“没有。”
“你知道她在哪吗?”
“不知道。”小孩摇了摇头,然后他又悄悄指了指东边的一栋矮楼,“但是小小孩一般都会被安置在那栋楼里。”
几个人向那方向看去,他们坐的位置能看到门外,这一眼恰好就看到有人拎着大小箱子从外面走进了孤儿院,箱子上有红色的十字符号,似乎来的是医生。
“或者——”
小孩忽然扭过身体,指了指后面那一排桌子中间的某个人:“你们可以问问圆圆姐。是她把娃娃抱进去的。”
吃完饭后,一行三人去找那个“圆圆姐”聊了聊。
圆圆全名闵圆子,已经成年。据说是学习成绩不好,只读了个高职,学的是幼教,等到毕业后应该会留在院里帮忙。她脸上有一片蔓延到脖子上的烧伤疤痕,很好认。
他们找到她的时候,她正猫在角落里同几个半大青少年聚众吸烟。
见有人来,周围几个人瞬间都把烟塞到了口袋里,只有闵圆子还在锲而不舍地按动那只打不着火的打火机——她只短暂地瞥了他们一眼,什么都没有说。
见状,余挽辰从衣服里(其实是肚子里)掏出一只全新的打火机,递了过去。
闵圆子毫不客气地想将打火机拿过来,余挽辰却并未松手。
“你到底借不借我用?”她没好气地问。
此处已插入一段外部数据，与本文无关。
lemma comb_kernel_path_dist_attained:
  assumes G1: "connected_graph V1 E1" and G2: "connected_graph V2 E2" and r: "r \<in> V2"
    and "(u, x) \<in> V1 \<times> V2" "(v, y) \<in> V1 \<times> V2"
  obtains ws where "is_walk (comb_edges E1 E2 r) (u, x) (v, y) ws"
    "length ws = Suc (comb_kernel (path_dist E1) (path_dist E2) r (u, x) (v, y))"
proof -
  have uv: "u \<in> V1" "v \<in> V1" and xy: "x \<in> V2" "y \<in> V2"
    using assms(4,5) by auto
  have tooth: "is_walk (comb_edges E1 E2 r) (w, a) (w, b) (map (Pair w) zs)"
    if "is_walk E2 a b zs" for w a b zs
    using is_walk_map[OF that, of "comb_edges E1 E2 r" "Pair w"] by (simp add: comb_edges_def)
  have spine: "is_walk (comb_edges E1 E2 r) (a, r) (b, r) (map (\<lambda>w. (w, r)) zs)"
    if "is_walk E1 a b zs" for a b zs
    using is_walk_map[OF that, of "comb_edges E1 E2 r" "\<lambda>w. (w, r)"] by (simp add: comb_edges_def)
  show ?thesis
  proof (cases "u = v")
    case True
    obtain zs where zs: "is_walk E2 x y zs" "length zs = Suc (path_dist E2 x y)"
      using path_dist_attained[OF G2 xy] by blast
    show ?thesis
      using that[of "map (Pair u) zs"] tooth[OF zs(1), of u] zs(2) True by (simp add: comb_kernel_def)
  next
    case False
    obtain xs where xs: "is_walk E2 x r xs" "length xs = Suc (path_dist E2 x r)"
      using path_dist_attained[OF G2 xy(1) r] by blast
    obtain zs where zs: "is_walk E1 u v zs" "length zs = Suc (path_dist E1 u v)"
      using path_dist_attained[OF G1 uv] by blast
    obtain ys where ys: "is_walk E2 r y ys" "length ys = Suc (path_dist E2 r y)"
      using path_dist_attained[OF G2 r xy(2)] by blast
    let ?ws = "(map (Pair u) xs @ tl (map (\<lambda>w. (w, r)) zs)) @ tl (map (Pair v) ys)"
    have "is_walk (comb_edges E1 E2 r) (u, x) (v, y) ?ws"
      using is_walk_append[OF is_walk_append[OF tooth[OF xs(1)] spine[OF zs(1)]] tooth[OF ys(1)]] .
    moreover have "length ?ws = Suc (comb_kernel (path_dist E1) (path_dist E2) r (u, x) (v, y))"
      using xs(2) zs(2) ys(2) False by (simp add: comb_kernel_def)
    ultimately show ?thesis
      using that by blast
  qed
qed

lemma path_dist_comb_edges:
  assumes "connected_graph V1 E1" "connected_graph V2 E2" "r \<in> V2"
    and "p \<in> V1 \<times> V2" "q \<in> V1 \<times> V2"
  shows "path_dist (comb_edges E1 E2 r) p q = comb_kernel (path_dist E1) (path_dist E2) r p q"
  unfolding path_dist_def[of "comb_edges E1 E2 r" p q]
proof (rule Least_equality)
  show "\<exists>ws. is_walk (comb_edges E1 E2 r) p q ws \<and>
      length ws = Suc (comb_kernel (path_dist E1) (path_dist E2) r p q)"
    using comb_kernel_path_dist_attained[OF assms(1-3), of "fst p" "snd p" "fst q" "snd q"] assms(4,5)
    by auto
next
  fix n
  assume "\<exists>ws. is_walk (comb_edges E1 E2 r) p q ws \<and> length ws = Suc n"
  then show "comb_kernel (path_dist E1) (path_dist E2) r p q \<le> n"
    using comb_kernel_path_dist_less_length[OF assms(1-3,5)] assms(4) by fastforce
qed

section \<open>Conditionally strictly negative definite kernels\<close>

definition quad_form :: "'a set \<Rightarrow> ('a \<Rightarrow> complex) \<Rightarrow> ('a \<Rightarrow> 'a \<Rightarrow> real) \<Rightarrow> complex"
  where "quad_form A c K = (\<Sum>x\<in>A. \<Sum>y\<in>A. c x * cnj (c y) * complex_of_real (K x y))"

lemma quad_form_mono_neutral:
  assumes "finite A" "S \<subseteq> A" "\<And>x. x \<in> A - S \<Longrightarrow> c x = 0"
  shows "quad_form A c K = quad_form S c K"
proof -
  have inner: "(\<Sum>y\<in>A. c x * cnj (c y) * complex_of_real (K x y)) =
        (\<Sum>y\<in>S. c x * cnj (c y) * complex_of_real (K x y))" for x
    using assms by (intro sum.mono_neutral_right) auto
  have "quad_form A c K = (\<Sum>x\<in>A. \<Sum>y\<in>S. c x * cnj (c y) * complex_of_real (K x y))"
    unfolding quad_form_def inner ..
  also have "\<dots> = quad_form S c K"
    unfolding quad_form_def using assms by (intro sum.mono_neutral_right) auto
  finally show ?thesis .
qed

lemma cond_strict_neg_def_iff:
  "cond_strict_neg_def V K \<longleftrightarrow>
    (\<forall>A c. A \<subseteq> V \<longrightarrow> finite A \<longrightarrow> (\<forall>v. v \<notin> A \<longrightarrow> c v = 0) \<longrightarrow> sum c A = 0 \<longrightarrow>
      (\<exists>v. c v \<noteq> 0) \<longrightarrow> quad_form A c K < 0)"
proof
  assume csnd: "cond_strict_neg_def V K"
  show "\<forall>A c. A \<subseteq> V \<longrightarrow> finite A \<longrightarrow> (\<forall>v. v \<notin> A \<longrightarrow> c v = 0) \<longrightarrow> sum c A = 0 \<longrightarrow>
      (\<exists>v. c v \<noteq> 0) \<longrightarrow> quad_form A c K < 0"
  proof (intro allI impI)
    fix A and c :: "'a \<Rightarrow> complex"
    assume A: "A \<subseteq> V" "finite A" "\<forall>v. v \<notin> A \<longrightarrow> c v = 0" "sum c A = 0" "\<exists>v. c v \<noteq> 0"
    define S where "S = {v. c v \<noteq> 0}"
    have "S \<subseteq> A"
      using A(3) S_def by blast
    then have "finite S" "S \<subseteq> V" "sum c S = 0" "quad_form A c K = quad_form S c K"
      using A(1,2,4) sum.mono_neutral_right[OF A(2) \<open>S \<subseteq> A\<close>, of c]
      by (auto simp: S_def intro: finite_subset quad_form_mono_neutral)
    moreover have "quad_form S c K < 0"
      using csnd \<open>finite S\<close> \<open>S \<subseteq> V\<close> \<open>sum c S = 0\<close> A(5)
      unfolding cond_strict_neg_def_def quad_form_def S_def by blast
    ultimately show "quad_form A c K < 0"
      by simp
  qed
next
  assume "\<forall>A c. A \<subseteq> V \<longrightarrow> finite A \<longrightarrow> (\<forall>v. v \<notin> A \<longrightarrow> c v = 0) \<longrightarrow> sum c A = 0 \<longrightarrow>
      (\<exists>v. c v \<noteq> 0) \<longrightarrow> quad_form A c K < 0"
  then show "cond_strict_neg_def V K"
    unfolding cond_strict_neg_def_def quad_form_def by auto
qed

lemma cond_strict_neg_defD:
  assumes "cond_strict_neg_def V K" "A \<subseteq> V" "finite A" "\<And>v. v \<notin> A \<Longrightarrow> c v = 0"
    "sum c A = 0" "c v \<noteq> 0"
  shows "quad_form A c K < 0"
  using cond_strict_neg_def_iff[THEN iffD1, rule_format, OF assms(1-3)] assms(4-6) by blast

lemma cond_strict_neg_def_nonpos:
  assumes "cond_strict_neg_def V K" "A \<subseteq> V" "finite A" "\<And>v. v \<notin> A \<Longrightarrow> c v = 0"
    "sum c A = 0"
  shows "quad_form A c K \<le> 0"
proof (cases "\<exists>v. c v \<noteq> 0")
  case True
  then show ?thesis
    using cond_strict_neg_defD[OF assms] less_imp_le by blast
qed (simp add: quad_form_def)

lemma cond_strict_neg_def_cong:
  assumes "\<And>x y. x \<in> V \<Longrightarrow> y \<in> V \<Longrightarrow> K x y = K' x y"
  shows "cond_strict_neg_def V K \<longleftrightarrow> cond_strict_neg_def V K'"
proof -
  have "quad_form A c K = quad_form A c K'" if "A \<subseteq> V" for A c
    unfolding quad_form_def using that assms by (intro sum.cong refl) (auto simp: subset_iff)
  then show ?thesis
    unfolding cond_strict_neg_def_iff by (simp cong: imp_cong)
qed

lemma sum_sum_separable:
  fixes f g A C :: "'x \<Rightarrow> 'c::comm_semiring_1"
  shows "(\<Sum>x\<in>X. \<Sum>y\<in>X. f x * g y * (A x + B + C y)) =
    (\<Sum>x\<in>X. f x * A x) * (\<Sum>y\<in>X. g y) + B * (\<Sum>x\<in>X. f x) * (\<Sum>y\<in>X. g y)
    + (\<Sum>x\<in>X. f x) * (\<Sum>y\<in>X. g y * C y)"
proof -
  have "B * (\<Sum>x\<in>X. f x) * (\<Sum>y\<in>X. g y) = (\<Sum>x\<in>X. \<Sum>y\<in>X. B * (f x * g y))"
    by (subst mult.assoc, subst sum_product) (simp add: sum_distrib_left)
  moreover have "f x * g y * (A x + B + C y) = f x * A x * g y + B * (f x * g y) + f x * (g y * C y)"
    for x y by (simp add: algebra_simps)
  ultimately show ?thesis
    by (simp only: sum.distrib sum_product)
qed

lemma quad_form_sub_point_mass:
  assumes X: "finite X" "r \<in> X" and D: "D r r = 0"
  shows "quad_form X (\<lambda>x. f x - (if x = r then m else 0)) D
    = quad_form X f D - cnj m * (\<Sum>x\<in>X. f x * complex_of_real (D x r))
      - m * (\<Sum>y\<in>X. cnj (f y) * complex_of_real (D r y))"
proof -
  define \<delta> where "\<delta> x = (if x = r then (1::complex) else 0)" for x
  have expand: "(f x - (if x = r then m else 0)) * cnj (f y - (if y = r then m else 0))
       * complex_of_real (D x y)
     = f x * cnj (f y) * complex_of_real (D x y) - cnj m * (\<delta> y * (f x * complex_of_real (D x y)))
       - m * (\<delta> x * (cnj (f y) * complex_of_real (D x y)))
       + m * cnj m * (\<delta> x * (\<delta> y * complex_of_real (D x y)))" for x y
    by (simp add: \<delta>_def algebra_simps)
  have pick: "(\<Sum>y\<in>X. \<delta> y * h y) = h r" for h
  proof -
    have "(\<Sum>y\<in>X. \<delta> y * h y) = (\<Sum>y\<in>X. if y = r then h y else 0)"
      by (rule sum.cong) (auto simp: \<delta>_def)
    then show ?thesis
      using X by simp
  qed
  show ?thesis
    unfolding quad_form_def
    apply (simp only: expand sum.distrib sum_subtractf sum_distrib_left[symmetric] pick)
    apply (simp add: D sum_distrib_left)
    done
qed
眼神又凶又利。
“我们想问你几个问题。”余挽辰蹲下来与对方的视线齐平,“听说你是这里最能扛事的。”
这句话说动了她。她点点头,拿着打火机示意他们去个僻静地方聊。
时云舒坠在后面看着这一切,心说果然曾是刺头的人最能对付刺头。
最终,闵圆子靠在院子里停的一辆车后,一边抽烟,一边问他们有什么事。
“头发挺酷。”她朝着苏梦凉和余挽辰一扬脑袋,“回来我也漂个浅色。”
当被问及有关他们刚刚送来的山中捡到的娃娃时,闵圆子脸色明显变得有些不妙,她整张脸都“唰”的一下子白了下去,几次张口又闭嘴,最终只吸口烟,摇摇头:“她挺好的。”
“我们能去看看吗?”时云舒问。
闵圆子踌躇着,最后还是摇了摇头:“还是别去了。她又是高空坠落,又是受冷挨冻,医生正在检查。大人免疫力比娃娃强,贸然接触,万一让她感上肺炎就糟了。”
这倒是在理。
余挽辰换了个问题:“你有看到那娃娃的样子吗?”
闵圆子点点头,她身体瑟缩了一下,像是不愿回忆起那画面。
“她很……怪。”她说得非常直白,“那张脸……虽然这里有很多怪娃娃,但她实在太怪了,简直像个外星人,特别外的那种。也难怪会被人丢下山崖……即便是没被丢,说实话,按照我的经验……她可能也活不了太久。”
“丢下山崖?”时云舒想起刚刚那小孩讲的故事,“刚才有个小孩,说那娃娃是‘天空城的孩子’。”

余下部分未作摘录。